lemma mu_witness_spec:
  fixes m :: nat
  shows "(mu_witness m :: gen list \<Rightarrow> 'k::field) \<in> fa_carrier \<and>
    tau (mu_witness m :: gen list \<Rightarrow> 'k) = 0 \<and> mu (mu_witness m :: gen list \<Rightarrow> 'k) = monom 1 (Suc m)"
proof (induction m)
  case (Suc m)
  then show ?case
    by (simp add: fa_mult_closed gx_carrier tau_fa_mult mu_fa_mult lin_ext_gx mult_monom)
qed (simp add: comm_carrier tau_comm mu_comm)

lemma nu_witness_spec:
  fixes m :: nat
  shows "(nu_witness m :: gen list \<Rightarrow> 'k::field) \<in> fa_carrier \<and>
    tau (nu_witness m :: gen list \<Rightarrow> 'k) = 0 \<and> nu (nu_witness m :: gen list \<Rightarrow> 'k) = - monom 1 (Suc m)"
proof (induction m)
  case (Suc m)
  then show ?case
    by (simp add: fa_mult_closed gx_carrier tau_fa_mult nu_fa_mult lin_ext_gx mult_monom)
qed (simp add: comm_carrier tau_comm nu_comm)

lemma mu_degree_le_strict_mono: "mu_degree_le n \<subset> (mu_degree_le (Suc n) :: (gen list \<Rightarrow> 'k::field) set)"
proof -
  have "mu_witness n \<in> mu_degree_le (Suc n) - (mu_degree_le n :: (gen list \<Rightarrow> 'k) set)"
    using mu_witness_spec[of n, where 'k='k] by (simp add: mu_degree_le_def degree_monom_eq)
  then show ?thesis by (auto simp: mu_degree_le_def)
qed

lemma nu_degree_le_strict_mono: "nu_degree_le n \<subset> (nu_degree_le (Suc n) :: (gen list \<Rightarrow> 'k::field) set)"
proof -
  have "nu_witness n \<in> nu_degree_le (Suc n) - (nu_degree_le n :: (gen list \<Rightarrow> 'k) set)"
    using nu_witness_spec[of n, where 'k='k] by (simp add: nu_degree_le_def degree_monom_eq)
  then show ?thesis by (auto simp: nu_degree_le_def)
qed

• • • • •

=== Problem to solve ===
Quote exactly the opening line of the material above and every line after it, up to and including the line that contains "tau (mu_witness m".

=== Response area ===
lemma mu_witness_spec:
  fixes m :: nat
  shows "(mu_witness m :: gen list \<Rightarrow> 'k::field) \<in> fa_carrier \<and>
    tau (mu_witness m :: gen list \<Rightarrow> 'k) = 0 \<and> mu (mu_witness m :: gen list \<Rightarrow> 'k) = monom 1 (Suc m)"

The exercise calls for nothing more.